Iron content in breast milk has a higher bio-availability than iron-fortified formulas (12-49% absorption), as stated above, this level is low compared to the infants’ needs [26]. During the first 6 months of an infant’s life, the iron needs are mainly supplied by iron stored at birth, seeing as infants born full term and at adequate weight the endowed iron stores that can make up for the deficient breast milk for 6 months. After this time it is recommended to supplement the infant’s nutrition with iron-rich or iron-fortified food [27].

Genetic factors may also play a part in iron deficiency, especially those related to red blood cells or the metabolism, such as sickle cell, and therefore should also be considered [28].

This dissertation examines the association between the type of milk consumed and iron status of infants and toddlers ages 6-18 months living in the United Kingdom (UK). It is based on a secondary analysis of the Diet and Nutrition Survey of Infants and Young Children (DNSIYC) commissioned by the Department of Health and the Food Standards Agency. The literature review establishes the importance of this relationship in application to recommendations about feeding cow’s milk to infants and toddlers in this age group. Using current standards adopted by the World Health Organisation (WHO), it defines Iron Deficiency Anaemia (IDA) in children under the age of 5 years, as determined by indicators including haemoglobin and ferritin plasma concentrations.
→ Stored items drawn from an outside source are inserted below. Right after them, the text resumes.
lemma less_lam1_imp:
  fixes z :: "real^'n"
  assumes "0 \<le> lam" "ereal lam < lam1 w z"
  shows "w < l1_excess z lam + lam"
proof (rule ccontr)
  define S where "S = {l. 0 \<le> l \<and> l1_excess z l + l \<le> w}"
  assume "\<not> w < l1_excess z lam + lam"
  then have "lam \<in> S" using assms(1) by (simp add: S_def)
  moreover have "bdd_below S"
    by (rule bdd_belowI[of _ 0]) (simp add: S_def)
  ultimately have "lam1 w z \<le> ereal lam"
    by (auto simp: lam1_eq_Inf S_def[symmetric] intro: cInf_lower)
  with assms(2) show False by simp
qed

lemma less_lam3_imp:
  fixes z :: "real^'n"
  assumes "ereal lam < lam3 w z"
  shows "w \<le> l1_excess z (2 * lam)"
proof -
  define S where "S = {l. 0 \<le> l \<and> w \<le> l1_excess z (2 * l)}"
  obtain y where "y \<in> S" "lam \<le> y"
  proof (cases "bdd_above S")
    case True
    then have "S \<noteq> {}" "lam < Sup S"
      using assms by (auto simp: lam3_eq_Sup S_def[symmetric] split: if_splits)
    then show ?thesis
      using that less_cSup_iff[OF \<open>S \<noteq> {}\<close> True] by (auto intro: less_imp_le)
  next
    case False
    then show ?thesis
      using that unfolding bdd_above_def by (auto simp: not_le intro: less_imp_le)
  qed
  then show ?thesis
    using l1_excess_antimono[of "2 * lam" "2 * y" z] by (auto simp: S_def)
qed

lemma solution_soft_lam_of_lam1_le:
  fixes z \<theta> :: "real^'n"
  assumes sol: "is_solution w z lam bp bm \<theta>" and "w \<ge> 0" "lam \<ge> 0"
    and "linfnorm z \<le> w" "lam1 w z \<le> ereal lam" "lam < w"
  shows "bp - bm = w - lam \<and> \<theta> = soft_vec z lam"
proof -
  obtain m where "m \<le> lam" "l1_excess z m + m \<le> w"
    using lam1_le_imp[OF \<open>lam1 w z \<le> ereal lam\<close>] .
  with assms(4,6) have "l1_excess z lam + lam \<le> w"
    using l1_excess_add_le_mono[of m lam w z] by simp
  then show ?thesis
    by (rule solution_soft_lam[OF sol \<open>w \<ge> 0\<close> \<open>lam \<ge> 0\<close>])
qed

theorem proposition1:
  fixes w lam bp bm :: real and z \<theta> :: "real^'n"
  assumes w_nonneg: "w \<ge> 0"
    and lam_pos: "lam > 0"
    and sol: "is_solution w z lam bp bm \<theta>"
  shows
   "(linfnorm z \<le> l1norm z \<and> l1norm z < w \<longrightarrow>
       (lam \<ge> w \<longrightarrow> bp - bm = 0 \<and> \<theta> = 0) \<and>
       (lam1 w z \<le> ereal lam \<and> lam < w \<longrightarrow> bp - bm = w - lam \<and> \<theta> = soft_vec z lam) \<and>
       (ereal lam < lam1 w z \<longrightarrow>
          (\<exists>\<alpha>>0. bp - bm = w - lam + \<alpha> \<and> \<theta> = soft_vec z (lam + \<alpha>)))) \<and>
    (linfnorm z \<le> w \<and> w \<le> l1norm z \<longrightarrow>
       (lam \<ge> w \<longrightarrow> bp - bm = 0 \<and> \<theta> = 0) \<and>
       (lam1 w z \<le> ereal lam \<and> lam < w \<longrightarrow> bp - bm = w - lam \<and> \<theta> = soft_vec z lam) \<and>
       (lam3 w z \<le> ereal lam \<and> ereal lam < lam1 w z \<longrightarrow>
          (\<exists>\<alpha>>0. bp - bm = w - lam + \<alpha> \<and> \<theta> = soft_vec z (lam + \<alpha>))) \<and>
       (ereal lam < lam3 w z \<longrightarrow> bp - bm = w \<and> \<theta> = soft_vec z (2 * lam))) \<and>
    (w < linfnorm z \<and> linfnorm z \<le> l1norm z \<longrightarrow>
       (lam \<ge> lam4 w z \<longrightarrow> bp - bm = 0 \<and> \<theta> = 0) \<and>
       (lam3 w z \<le> ereal lam \<and> lam < lam4 w z \<longrightarrow>
          (\<exists>\<alpha>>0. bp - bm = w - lam + \<alpha> \<and> \<theta> = soft_vec z (lam + \<alpha>))) \<and>
       (ereal lam < lam3 w z \<longrightarrow> bp - bm = w \<and> \<theta> = soft_vec z (2 * lam)))"
proof -
  have lam: "0 \<le> lam" using lam_pos by simp
  have zero_main: "bp - bm = 0 \<and> \<theta> = 0" if "linfnorm z \<le> w" "w \<le> lam"
    using solution_eq_0[OF sol w_nonneg order_refl lam] that by simp
  have zero_interaction: "bp - bm = 0 \<and> \<theta> = 0" if "w < linfnorm z" "lam4 w z \<le> lam"
    using solution_eq_0[OF sol w_nonneg, of "max (linfnorm z - lam) 0"] that w_nonneg
    by (simp add: lam4_def max_def)
  have lasso: "bp - bm = w - lam \<and> \<theta> = soft_vec z lam"
    if "linfnorm z \<le> w" "lam1 w z \<le> ereal lam" "lam < w"
    using solution_soft_lam_of_lam1_le[OF sol w_nonneg lam that] .
  have double: "bp - bm = w \<and> \<theta> = soft_vec z (2 * lam)" if "ereal lam < lam3 w z"
    using solution_soft_double_lam[OF sol w_nonneg lam less_lam3_imp[OF that]] .
  have shifted: "\<exists>\<alpha>>0. bp - bm = w - lam + \<alpha> \<and> \<theta> = soft_vec z (lam + \<alpha>)"
    if "ereal lam < lam1 w z \<or> w < linfnorm z"
  proof -
    have "w < l1_excess z lam + lam"
      using that less_lam1_imp[OF lam] l1_excess_ge_linfnorm[of z lam] by auto
    then show ?thesis by (rule solution_soft_shifted[OF sol w_nonneg lam_pos])
  qed
  have linfnorm_le: "linfnorm z \<le> w" if "linfnorm z \<le> l1norm z" "l1norm z < w"
    using that by simp
  show ?thesis
    using zero_main zero_interaction lasso shifted double linfnorm_le by blast
qed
It then reviews current evidence and guidelines for breast-feeding and cow’s milk intake for infants and toddlers with a focus on the relationship of type of milk intake to iron status. Although some discussion of infants under the age of 6 months is necessary to establish an understanding of the increased dietary needs for iron that occur after the age of 6 months, the focus of the review is on infants aged 6-18 months. This will set the context for the present study undertaken, which is expected to add to the current evidence base for future dietary recommendations in this area.